lemma distinct_edges_facial_path:
  assumes P: "fpath P"
  shows "distinct (map edge P)"
proof -
  have dist: "distinct (path_vertices P)"
    using P unfolding facial_path_def path_vertices_def by simp
  have vertex_inj: "i = k" if "i \<le> length P" "k \<le> length P"
    "path_vertices P ! i = path_vertices P ! k" for i k
    using that dist by (simp add: nth_eq_iff_index_eq path_vertices_def)
  have "edge (P ! i) \<noteq> edge (P ! k)" if ik: "i < length P" "k < length P" "i \<noteq> k" for i k
  proof
    assume eq: "edge (P ! i) = edge (P ! k)"
    have iD: "P ! i \<in> D" and kD: "P ! k \<in> D"
      using ik facial_path_nth_in[OF P] by auto
    consider "P ! k = P ! i" | "P ! k = alpha (P ! i)"
      using edge_eq_iff[OF iD kD] eq by blast
    then show False
    proof cases
      case 1
      then have "path_vertices P ! i = path_vertices P ! k"
        using facial_path_vertices_nth(1)[OF P] ik by simp
      then show False
        using vertex_inj ik by simp
    next
      case 2
      have "path_vertices P ! k = tail_v sigma (P ! k)"
        by (rule facial_path_vertices_nth(1)[OF P ik(2)])
      also have "\<dots> = head_v alpha sigma (P ! i)"
        unfolding 2 tail_v_def head_v_def ..
      also have "\<dots> = path_vertices P ! Suc i"
        by (rule facial_path_vertices_nth(2)[OF P ik(1), symmetric])
      finally have "k = Suc i"
        using vertex_inj ik by simp
      have "path_vertices P ! Suc k = head_v alpha sigma (P ! k)"
        by (rule facial_path_vertices_nth(2)[OF P ik(2)])
      also have "\<dots> = tail_v sigma (P ! i)"
        unfolding 2 tail_v_def head_v_def using alpha_involution iD by simp
      also have "\<dots> = path_vertices P ! i"
        by (rule facial_path_vertices_nth(1)[OF P ik(1), symmetric])
      finally have "Suc k = i"
        using vertex_inj ik by simp
      with \<open>k = Suc i\<close> show False
        by simp
    qed
  qed
  then show ?thesis
    by (simp add: distinct_conv_nth)
qed

lemma facial_path_edge_inj:
  "fpath P \<Longrightarrow> i < length P \<Longrightarrow> k < length P \<Longrightarrow> edge (P ! i) = edge (P ! k) \<Longrightarrow> i = k"
  using distinct_edges_facial_path[of P] by (metis distinct_conv_nth length_map nth_map)

lemma length_facial_path_le:
  assumes "fpath P"
  shows "length P \<le> card D"
proof -
  have "distinct P"
    using distinct_edges_facial_path[OF assms] by (simp add: distinct_map)
  then have "length P = card (set P)"
    by (simp add: distinct_card)
  also have "\<dots> \<le> card D"
    using assms by (intro card_mono[OF finite_darts]) (simp add: facial_path_def)
  finally show ?thesis .
qed

lemma finite_facial_paths: "finite {P. fpath P}"
proof (rule finite_subset)
  show "{P. fpath P} \<subseteq> {P. set P \<subseteq> D \<and> length P \<le> card D}"
    using length_facial_path_le by (auto simp: facial_path_def)
qed (rule finite_lists_length_le[OF finite_darts])

definition paths_through :: "nat \<Rightarrow> nat set \<Rightarrow> 'd \<Rightarrow> 'd list set" where
  "paths_through n I y = {P. fpath P \<and> length P = n \<and> (\<exists>p\<in>I. p < n \<and> P ! p = y)}"

lemma finite_paths_through: "finite (paths_through n I y)"
  using finite_facial_paths by (rule finite_subset[rotated]) (auto simp: paths_through_def)

lemma card_paths_through_le:
  assumes "finite I"
  shows "card (paths_through n I y) \<le> card I"
proof -
  define path_at where "path_at p = (THE P. fpath P \<and> length P = n \<and> P ! p = y)" for p
  have "paths_through n I y \<subseteq> path_at ` I"
  proof
    fix P assume "P \<in> paths_through n I y"
    then obtain p where P: "fpath P" "length P = n" "p \<in> I" "p < n" "P ! p = y"
      by (auto simp: paths_through_def)
    have "path_at p = P"
      unfolding path_at_def
    proof (rule the_equality)
      show "fpath Q \<and> length Q = n \<and> Q ! p = y \<Longrightarrow> Q = P" for Q
        using P facial_path_eqI[of Q P p] by simp
    qed (use P in simp)
    then show "P \<in> path_at ` I"
      using P by auto
  qed
  then have "card (paths_through n I y) \<le> card (path_at ` I)"
    by (rule card_mono[OF finite_imageI[OF assms]])
  also have "\<dots> \<le> card I"
    using card_image_le[OF assms] .
  finally show ?thesis .
qed

definition nonrep_on :: "'d set set \<Rightarrow> ('d set \<Rightarrow> 'c) \<Rightarrow> bool" where
  "nonrep_on T g \<longleftrightarrow>
     (\<forall>P. fpath P \<and> set (map edge P) \<subseteq> T \<longrightarrow> \<not> repetition (map (\<lambda>d. g (edge d)) P))"

lemma nonrep_on_cong:
  assumes "\<And>z. z \<in> T \<Longrightarrow> g z = h z"
  shows "nonrep_on T g \<longleftrightarrow> nonrep_on T h"
proof -
  have "set (map edge P) \<subseteq> T \<Longrightarrow> map (\<lambda>d. g (edge d)) P = map (\<lambda>d. h (edge d)) P" for P
    using assms by (auto intro: map_cong)
  then show ?thesis
    unfolding nonrep_on_def by metis
qed

lemma nonrep_on_mono: "T' \<subseteq> T \<Longrightarrow> nonrep_on T g \<Longrightarrow> nonrep_on T' g"
  unfolding nonrep_on_def by blast

lemma nonrep_on_edges_iff: "nonrep_on (edge ` D) g \<longleftrightarrow> facially_nonrepetitive D alpha sigma g"
  unfolding nonrep_on_def facially_nonrepetitive_def facial_path_def by auto

definition even_paths_through :: "'d set set \<Rightarrow> 'd set \<Rightarrow> 'd list set" where
  "even_paths_through S e =
     {P. fpath P \<and> set (map edge P) \<subseteq> S \<and> e \<in> set (map edge P) \<and> even (length P)}"

lemma finite_even_paths_through: "finite (even_paths_through S e)"
  using finite_facial_paths by (rule finite_subset[rotated]) (auto simp: even_paths_through_def)

lemma even_paths_through_length:
  assumes "P \<in> even_paths_through S e"
  shows "length P = 2 * (length P div 2)" "1 \<le> length P div 2"
proof -
  have "length P \<noteq> 0" "even (length P)"
    using assms unfolding even_paths_through_def facial_path_def by auto
  moreover obtain b where "length P = 2 * b"
    using \<open>even (length P)\<close> by (rule evenE)
  ultimately show "length P = 2 * (length P div 2)" "1 \<le> length P div 2"
    by simp_all
qed

text \<open>Once the colours outside the half of P containing e are fixed, a repetition along P
  determines the colours on that half.\<close>

definition half_start :: "'d set \<Rightarrow> 'd list \<Rightarrow> nat" where
  "half_start e P = (if e \<in> edge ` nth P ` {..<length P div 2} then 0 else length P div 2)"

definition half_through :: "'d set \<Rightarrow> 'd list \<Rightarrow> 'd set set" where
  "half_through e P = edge ` nth P ` {half_start e P .. half_start e P + length P div 2 - 1}"

lemma half_through_segment:
  assumes "P \<in> even_paths_through S e"
  obtains p where "half_start e P \<le> p" "p \<le> half_start e P + length P div 2 - 1"
    "half_start e P + length P div 2 - 1 < length P" "edge (P ! p) = e"
proof -
  define j where "j = length P div 2"
  have P: "e \<in> edge ` set P"
    using assms unfolding even_paths_through_def by auto
  have len: "length P = 2 * j" "j \<ge> 1"
    using even_paths_through_length[OF assms] unfolding j_def by auto
  show thesis
  proof (cases "e \<in> edge ` nth P ` {..<j}")
    case True
    then obtain p where "p < j" "edge (P ! p) = e"
      by auto
    then show thesis
      using that[of p] len True unfolding half_start_def j_def by auto
  next
    case False
    obtain p where p: "p < 2 * j" "edge (P ! p) = e"
      using P len by (auto simp: in_set_conv_nth)
    with False have "j \<le> p"
      by (metis imageI lessThan_iff not_le_imp_less)
    then show thesis
      using that[of p] len p False unfolding half_start_def j_def by auto
  qed
qed

lemma edge_in_half_through: "P \<in> even_paths_through S e \<Longrightarrow> e \<in> half_through e P"
  by (metis atLeastAtMost_iff half_through_def half_through_segment image_eqI)

lemma half_through_partner:
  assumes "P \<in> even_paths_through S e" "z \<in> half_through e P"
  obtains w where "w \<in> S - half_through e P"
    "\<And>f :: 'd set \<Rightarrow> 'c. repetition (map (\<lambda>d. f (edge d)) P) \<Longrightarrow> f z = f w"
proof -
  define j where "j = length P div 2"
  define s where "s = half_start e P"
  have P: "fpath P" "set (map edge P) \<subseteq> S"
    using assms(1) unfolding even_paths_through_def by auto
  have len: "length P = 2 * j" "j \<ge> 1"
    using even_paths_through_length[OF assms(1)] unfolding j_def by auto
  have s: "s = 0 \<or> s = j"
    unfolding s_def half_start_def j_def by auto
  obtain q where q: "s \<le> q" "q \<le> s + j - 1" "z = edge (P ! q)"
    using assms(2) unfolding half_through_def s_def j_def by auto
  \<comment> \<open>the position of z in the other half\<close>
  define q' where "q' = (if s = 0 then q + j else q - j)"
  have q'_lt: "q' < length P" and q'_out: "q' \<notin> {s..s + j - 1}"
    using q s len unfolding q'_def by auto
  have same_colour: "f z = f (edge (P ! q'))" if rep: "repetition (map (\<lambda>d. f (edge d)) P)" for f
  proof -
    have "min q q' < j" "max q q' = min q q' + j"
      using q s len unfolding q'_def by auto
    then show ?thesis
      using repetition_nth[OF rep, of "min q q'"] q(3) len by (simp add: min_def max_def split: if_splits)
  qed
  have "edge (P ! q') \<notin> half_through e P"
  proof
    assume "edge (P ! q') \<in> half_through e P"
    then obtain r where r: "r \<in> {s..s + j - 1}" "edge (P ! q') = edge (P ! r)"
      unfolding half_through_def s_def j_def by auto
    have "r < length P"
      using r(1) s len by auto
    then have "q' = r"
      using r(2) q'_lt facial_path_edge_inj[OF P(1)] by blast
    then show False
      using r(1) q'_out by simp
  qed
  moreover have "edge (P ! q') \<in> S"
    using P(2) q'_lt by auto
  ultimately show thesis
    using that same_colour by blast
qed

text \<open>If x is dangling in T, a facial path inside T can meet x only as its last dart (first
  disjunct) or only as its first dart (second disjunct).\<close>

definition dangling :: "'d set set \<Rightarrow> 'd \<Rightarrow> bool" where
  "dangling T x \<longleftrightarrow> edge (phi x) \<notin> T \<or> (\<exists>y\<in>D. phi y = x \<and> edge y \<notin> T)"

lemma dangling_position:
  assumes "dangling S x"
  obtains k where "\<And>P p. fpath P \<Longrightarrow> set (map edge P) \<subseteq> S \<Longrightarrow> length P = n \<Longrightarrow> p < n \<Longrightarrow>
    P ! p = x \<Longrightarrow> p = k"
  using assms unfolding dangling_def
proof (elim disjE bexE conjE)
  assume succ: "edge (phi x) \<notin> S"
  have "p = n - 1" if "fpath P" "set (map edge P) \<subseteq> S" "length P = n" "p < n" "P ! p = x" for P p
  proof (rule ccontr)
    assume "p \<noteq> n - 1"
    then have "Suc p < length P"
      using that by auto
    then show False
      using facial_path_nth_Suc[OF that(1)] that succ nth_mem[of "Suc p" P] by auto
  qed
  then show thesis
    using that by blast
next
  fix y assume y: "y \<in> D" "phi y = x" "edge y \<notin> S"
  have "p = 0" if "fpath P" "set (map edge P) \<subseteq> S" "length P = n" "p < n" "P ! p = x" for P p
  proof (rule ccontr)
    assume "p \<noteq> 0"
    then obtain q where q: "p = Suc q"
      by (cases p) auto
    then have "phi (P ! q) = phi y"
      using facial_path_nth_Suc[OF that(1), of q] that y by simp
    then have "P ! q = y"
      using inj_phi by (simp add: inj_eq)
    moreover have "edge (P ! q) \<in> S"
      using that q by auto
    ultimately show False
      using y by simp
  qed
  then show thesis
    using that by blast
qed
definition total_preorder_on :: "'a set \<Rightarrow> ('a \<Rightarrow> 'a \<Rightarrow> bool) \<Rightarrow> bool" where
  "total_preorder_on S le \<longleftrightarrow> (\<forall>x\<in>S. \<forall>y\<in>S. le x y \<or> le y x) \<and>
     (\<forall>x\<in>S. \<forall>y\<in>S. \<forall>z\<in>S. le x y \<longrightarrow> le y z \<longrightarrow> le x z)"

lemma total_preorder_on_total:
  "total_preorder_on S le \<Longrightarrow> x \<in> S \<Longrightarrow> y \<in> S \<Longrightarrow> le x y \<or> le y x"
  unfolding total_preorder_on_def by blast

lemma total_preorder_on_refl: "total_preorder_on S le \<Longrightarrow> x \<in> S \<Longrightarrow> le x x"
  unfolding total_preorder_on_def by blast

lemma total_preorder_on_trans:
  "total_preorder_on S le \<Longrightarrow> x \<in> S \<Longrightarrow> y \<in> S \<Longrightarrow> z \<in> S \<Longrightarrow> le x y \<Longrightarrow> le y z \<Longrightarrow> le x z"
  unfolding total_preorder_on_def by blast

lemma lex_le_total:
  assumes "total_preorder_on S le" "set xs \<subseteq> S" "set ys \<subseteq> S"
  shows "lex_le le xs ys \<or> lex_le le ys xs"
  using assms(2,3)
proof (induction xs arbitrary: ys)
  case (Cons x xs)
  then show ?case
    using assms(1) by (cases ys) (auto simp: total_preorder_on_def pequiv_def pstrict_def)
qed simp

lemma lex_le_trans:
  assumes "total_preorder_on S le" "set xs \<subseteq> S" "set ys \<subseteq> S" "set zs \<subseteq> S"
    and "lex_le le xs ys" "lex_le le ys zs"
  shows "lex_le le xs zs"
  using assms(2-)
proof (induction xs arbitrary: ys zs)
  case (Cons x xs)
  obtain y ys' z zs' where yz: "ys = y # ys'" "zs = z # zs'"
    using Cons.prems(4,5) by (cases ys; cases zs) simp_all
  have "x \<in> S" "y \<in> S" "z \<in> S"
    using Cons.prems yz by auto
  then have "le x y \<Longrightarrow> le y z \<Longrightarrow> le x z" "le y z \<Longrightarrow> le z x \<Longrightarrow> le y x"
      "le z x \<Longrightarrow> le x y \<Longrightarrow> le z y" "le z y \<Longrightarrow> le y x \<Longrightarrow> le z x"
    using assms(1) unfolding total_preorder_on_def by blast+
  moreover have "lex_le le xs ys' \<Longrightarrow> lex_le le ys' zs' \<Longrightarrow> lex_le le xs zs'"
    using Cons.IH[of ys' zs'] Cons.prems(1-3) yz by simp
  ultimately have "pstrict le x z \<or> pequiv le x z \<and> lex_le le xs zs'"
    using Cons.prems(4,5) unfolding yz lex_le_Cons_Cons pstrict_def pequiv_def by blast
  then show ?case
    using yz by simp
qed simp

Prompt – Please copy the lines above from the line with "- 1 < length" up to and including the line with "obtains w where", exactly as written and with nothing else.

Response –
    "half_start e P + length P div 2 - 1 < length P" "edge (P ! p) = e"
proof -
  define j where "j = length P div 2"
  have P: "e \<in> edge ` set P"
    using assms unfolding even_paths_through_def by auto
  have len: "length P = 2 * j" "j \<ge> 1"
    using even_paths_through_length[OF assms] unfolding j_def by auto
  show thesis
  proof (cases "e \<in> edge ` nth P ` {..<j}")
    case True
    then obtain p where "p < j" "edge (P ! p) = e"
      by auto
    then show thesis
      using that[of p] len True unfolding half_start_def j_def by auto
  next
    case False
    obtain p where p: "p < 2 * j" "edge (P ! p) = e"
      using P len by (auto simp: in_set_conv_nth)
    with False have "j \<le> p"
      by (metis imageI lessThan_iff not_le_imp_less)
    then show thesis
      using that[of p] len p False unfolding half_start_def j_def by auto
  qed
qed

lemma edge_in_half_through: "P \<in> even_paths_through S e \<Longrightarrow> e \<in> half_through e P"
  by (metis atLeastAtMost_iff half_through_def half_through_segment image_eqI)

lemma half_through_partner:
  assumes "P \<in> even_paths_through S e" "z \<in> half_through e P"
  obtains w where "w \<in> S - half_through e P"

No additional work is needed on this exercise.